Tampa and Denver are two of Gittens’s favorite airports for their ease, while internationally Amsterdam’s Schiphol, while enormous, also “has a logic to it, and an organic feel” that helps passengers pass through it, she added.
“We’re trying to sneak design into people’s airport experience,” said Osbaugh. “Yes, primarily passengers want function and efficiency, but we can still create a beautiful envelope and spaces around that.”
The “sheer magnitude of the moves” of Heathrow’s Terminal 5—its transitions and soaring design—“create an aha moment” for Osbaugh.
JetBlue’s terminal at JFK is, for him, an excellent marriage of function and beauty, the perfect balance of “landside space” and “airside space,” with a sweeping logic taking the passenger through security into a space “that opens up into a marketplace.”
At Gensler, the designers call the mood transition they imagine for passengers as moving from the “42nd Street” of check-in and security—a manageable bustle and blur—through to the more pleasant and appealing “Central Park” of restaurants, concessions, and shops of the area past security.
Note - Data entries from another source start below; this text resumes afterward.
(* Let $X$ be a locally connected topological space. Then the functor $U\mapsto\pi_0(U)$ (the set of connected components of $U$) is a terminal object of the category of cosheaves of sets on $X$.
   Context: $\mathfrak{Off}(X)$ is the poset of open subsets of $X$ viewed as a category; for $V\subseteq U$ open, $\pi_0(V)\to\pi_0(U)$ sends a component of $V$ to the component of $U$ containing it. A functor $G:\mathfrak{Off}(X)\to\mathbf{Sets}$ is a cosheaf if for every open $U$ and every open covering $U=\bigcup_iU_i$, the map $\coprod_iG(U_i)\to G(U)$ exhibits $G(U)$ as the coequaliser of the two maps $\coprod_{i,j}G(U_i\cap U_j)\rightrightarrows\coprod_iG(U_i)$ induced by the inclusions. The category of cosheaves of sets on $X$ has as morphisms the natural transformations. *)

theory Defs
  imports "HOL-Analysis.Analysis"
begin

definition copresheaf_on :: "'a topology \<Rightarrow> ('a set \<Rightarrow> 'b set) \<Rightarrow> ('a set \<Rightarrow> 'a set \<Rightarrow> 'b \<Rightarrow> 'b) \<Rightarrow> bool" where
  "copresheaf_on X G Gm \<longleftrightarrow>
     (\<forall>U V. openin X U \<and> openin X V \<and> V \<subseteq> U \<longrightarrow> Gm V U \<in> G V \<rightarrow> G U) \<and>
     (\<forall>U. openin X U \<longrightarrow> (\<forall>s\<in>G U. Gm U U s = s)) \<and>
     (\<forall>U V W. openin X U \<and> openin X V \<and> openin X W \<and> W \<subseteq> V \<and> V \<subseteq> U \<longrightarrow>
        (\<forall>s\<in>G W. Gm V U (Gm W V s) = Gm W U s))"

definition is_set_coequaliser :: "'x set \<Rightarrow> 'y set \<Rightarrow> ('x \<Rightarrow> 'y) \<Rightarrow> ('x \<Rightarrow> 'y) \<Rightarrow> 'z set \<Rightarrow> ('y \<Rightarrow> 'z) \<Rightarrow> bool" where
  "is_set_coequaliser A B f g C q \<longleftrightarrow>
     f \<in> A \<rightarrow> B \<and> g \<in> A \<rightarrow> B \<and> q ` B = C \<and>
     (\<forall>b\<in>B. \<forall>b'\<in>B. q b = q b' \<longleftrightarrow>
        (b, b') \<in> ({(f a, g a) | a. a \<in> A} \<union> {(g a, f a) | a. a \<in> A})\<^sup>*)"
lemma is_subpath_rep_path:
  assumes x: "x \<in> verts G"
  shows "is_subpath (star_tree (num_cliques G)) (rep_path x)"
proof -
  have cliques: "clique G (insert x (X1 x))" "clique G (insert x (X2 x))"
    using cliques_through_nbhd_split(1)[OF wf split[OF x]] by blast+
  have "f (insert x (X1 x)) \<noteq> f (insert x (X2 x))"
    using cliques_through_nbhd_split(2)[OF wf split[OF x]] f_inj cliques unfolding inj_on_def by blast
  then have "distinct (rep_path x)" by (simp add: rep_path_def)
  moreover have leaves: "Suc (f (insert x (X1 x))) \<in> {1..num_cliques G}"
    "Suc (f (insert x (X2 x))) \<in> {1..num_cliques G}"
    using f_range[OF cliques(1)] f_range[OF cliques(2)] by auto
  moreover have "adj (star_tree (num_cliques G)) (rep_path x ! i) (rep_path x ! Suc i)"
    if "Suc i < length (rep_path x)" for i
  proof -
    have "i = 0 \<or> i = 1" using that by (auto simp: rep_path_def)
    then show ?thesis using leaves by (auto simp: rep_path_def adj_star_tree)
  qed
  ultimately show ?thesis
    unfolding is_subpath_def by (auto simp: rep_path_def verts_star_tree)
qed

lemma ept_rep_star_tree: "ept_rep G (star_tree (num_cliques G)) rep_path"
  unfolding ept_rep_def
  using is_tree_star_tree is_subpath_rep_path adj_iff_common_clique[OF split] rep_paths_intersect_iff
  by blast

lemma helly_ept_rep_star_tree: "helly_ept_rep G (star_tree (num_cliques G)) rep_path"
  unfolding helly_ept_rep_def
proof (intro conjI allI impI ept_rep_star_tree)
  fix S assume S: "S \<subseteq> verts G \<and> S \<noteq> {} \<and>
    (\<forall>v\<in>S. \<forall>w\<in>S. path_edges (rep_path v) \<inter> path_edges (rep_path w) \<noteq> {})"
  then obtain v where v: "v \<in> S" by blast
  have "\<exists>C. clique G C \<and> u \<in> C \<and> w \<in> C" if "u \<in> S" "w \<in> S" for u w
    using S that rep_paths_intersect_iff[of u w] by blast
  then obtain C where C: "clique G C" "S \<subseteq> C"
    using pairwise_common_clique_imp_clique[OF split v] S v by blast
  then have "clique_edge C \<in> path_edges (rep_path w)" if "w \<in> S" for w
    using that S path_edges_rep_path[of w] by blast
  then show "(\<Inter>v\<in>S. path_edges (rep_path v)) \<noteq> {}" by blast
qed

end
lemma polyhedron_in_U_set_indep_family:
  assumes m0: "0 < m" and P: "polyhedron_on (grid n N) P" "P \<subseteq> U_set n m a t N" "P \<noteq> {}"
  obtains d x y where "affdim_on (grid n N) P = int d" "x \<in> U_set n m a t N"
    "aff_indep_on (grid n N) y d" "\<forall>i\<le>d. y i \<in> tropical_cell n m a t N x"
proof -
  obtain d p where d: "affdim_on (grid n N) P = int d" and p: "\<forall>i\<le>d. p i \<in> P"
    and ai: "aff_indep_on (grid n N) p d"
    using affdim_on_witness[OF finite_grid P(3)] .
  obtain x y where "x \<in> P" "aff_indep_on (grid n N) y d" "\<forall>i\<le>d. y i \<in> tropical_cell n m a t N x"
    using generic_family_in_cell[OF P(1) p ai finite_lin_forms[OF m0]]
    unfolding tropical_cell_def by metis
  with d P(2) that show ?thesis by blast
qed

lemma dimU_subadditive:
  fixes R :: nat
  assumes m2: "m \<ge> 2"
    and distinct_exps: "\<forall>j<m. \<forall>j'<m. j \<noteq> j' \<longrightarrow> (\<exists>i<n. t j i \<noteq> t j' i)"
    and v0: "\<forall>r<R. \<forall>i\<ge>n. v r i = 0"
    and disj: "\<forall>r<R. \<forall>r'<R. r \<noteq> r' \<longrightarrow> subgrid n (v r) (q r) \<inter> subgrid n (v r') (q r') = {}"
    and cov: "(\<Union>r<R. subgrid n (v r) (q r)) = grid n N"
  shows "dimU n m a t N \<le> (\<Sum>r<R. dimU n m a t (q r))"
  unfolding dimU_def[of n m a t N]
proof (rule pdim_on_le[OF finite_grid])
  fix P assume P: "polyhedron_on (grid n N) P" "P \<subseteq> U_set n m a t N"
  have m0: "0 < m" using m2 by simp
  have sub: "subgrid n (v r) (q r) \<subseteq> grid n N" if "r < R" for r
    using cov that by blast
  show "affdim_on (grid n N) P \<le> (\<Sum>r<R. dimU n m a t (q r))"
  proof (cases "P = {}")
    case True
    have "0 \<le> (\<Sum>r<R. dimU n m a t (q r))"
      using dimU_nonneg[OF m2 distinct_exps] by (simp add: sum_nonneg)
    with True show ?thesis by (simp add: affdim_on_def)
  next
    case False
    then obtain d x y where d: "affdim_on (grid n N) P = int d" and x: "x \<in> U_set n m a t N"
      and ai: "aff_indep_on (grid n N) y d" and y: "\<forall>i\<le>d. y i \<in> tropical_cell n m a t N x"
      using polyhedron_in_U_set_indep_family[OF m0 P] by metis
    let ?x = "\<lambda>r. restrict_subgrid n (v r) (q r) x"
    have "int d \<le> (\<Sum>r<R. affdim_on (grid n (q r)) (tropical_cell n m a t (q r) (?x r)))"
      using v0 sub y
      by (intro aff_indep_on_le_sum_affdim[OF disj cov ai] allI impI restrict_subgrid_tropical_cell) auto
    also have "\<dots> \<le> (\<Sum>r<R. dimU n m a t (q r))"
      using v0 sub x
      by (intro sum_mono affdim_tropical_cell_le_dimU[OF m0] restrict_subgrid_U_set) auto
    finally show ?thesis using d by simp
  qed
qed

lemma dimU_subadditive_tiles:
  assumes m2: "m \<ge> 2"
    and distinct_exps: "\<forall>j<m. \<forall>j'<m. j \<noteq> j' \<longrightarrow> (\<exists>i<n. t j i \<noteq> t j' i)"
    and C: "finite C" "\<forall>(v, q)\<in>C. \<forall>i\<ge>n. v i = 0"
    and disj: "\<forall>c\<in>C. \<forall>c'\<in>C. c \<noteq> c' \<longrightarrow> subgrid n (fst c) (snd c) \<inter> subgrid n (fst c') (snd c') = {}"
    and cov: "(\<Union>c\<in>C. subgrid n (fst c) (snd c)) = grid n N"
  shows "dimU n m a t N \<le> (\<Sum>c\<in>C. dimU n m a t (snd c))"
proof -
  obtain h where h: "bij_betw h {..<card C} C"
    using ex_bij_betw_nat_finite[OF C(1)] by (auto simp: atLeast0LessThan)
  then have hC: "\<And>r. r < card C \<Longrightarrow> h r \<in> C" and himg: "h ` {..<card C} = C"
    and hinj: "\<And>r r'. r < card C \<Longrightarrow> r' < card C \<Longrightarrow> h r = h r' \<Longrightarrow> r = r'"
    by (auto simp: bij_betw_def inj_on_def)
  have "dimU n m a t N \<le> (\<Sum>r<card C. dimU n m a t (snd (h r)))"
  proof (rule dimU_subadditive[OF m2 distinct_exps])
    show "\<forall>r<card C. \<forall>i\<ge>n. fst (h r) i = 0" using C(2) hC by fastforce
    show "\<forall>r<card C. \<forall>r'<card C. r \<noteq> r' \<longrightarrow>
        subgrid n (fst (h r)) (snd (h r)) \<inter> subgrid n (fst (h r')) (snd (h r')) = {}"
    proof (intro allI impI)
      fix r r' assume "r < card C" "r' < card C" "r \<noteq> r'"
      with hinj hC have "h r \<noteq> h r'" "h r \<in> C" "h r' \<in> C" by blast+
      with disj show "subgrid n (fst (h r)) (snd (h r)) \<inter> subgrid n (fst (h r')) (snd (h r')) = {}"
        by blast
    qed
    show "(\<Union>r<card C. subgrid n (fst (h r)) (snd (h r))) = grid n N"
    proof -
      have "(\<Union>c\<in>h ` {..<card C}. subgrid n (fst c) (snd c)) = grid n N" using cov himg by simp
      then show ?thesis by simp
    qed
  qed
  also have "\<dots> = (\<Sum>c\<in>C. dimU n m a t (snd c))"
    using sum.reindex_bij_betw[OF h, of "\<lambda>c. dimU n m a t (snd c)"] by simp
  finally show ?thesis .
qed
When Osbaugh was an 8-year-old boy, the first airport he recalls being in—and being fascinated by—was the old Reagan National airport in Washington. He didn’t immediately think designing airports would become his job, but he feels immense pride in designing airports and how that task encapsulates both the civic and commercial.
“An airport is like a separate city within a city with all these living organisms in it. You are part-architect, part-therapist,” he said. “You are trying to mitigate people’s stress at every level, even if a lot of people’s frustration is out of design’s control—it’s the TSA, or storm delays. What we’re trying to do is create good spaces around those things, to use design to help wash or cleanse people’s systems of those frustrations.”
Brian Sills came up with one last “pro” that will likely not disappear with the new terminal.
“Often when you are flying in to NYC and landing at LGA, you get some of the best views of the city,” he said. “They often come up from the south, over the harbor, the Statue of Liberty, and up the East River. The views are spectacular. But once you land, you gird your loins and bolt for the taxi stand.”
Perhaps, if LaGuardia is stylishly reborn in 2019, he won’t be bolting for that taxi stand.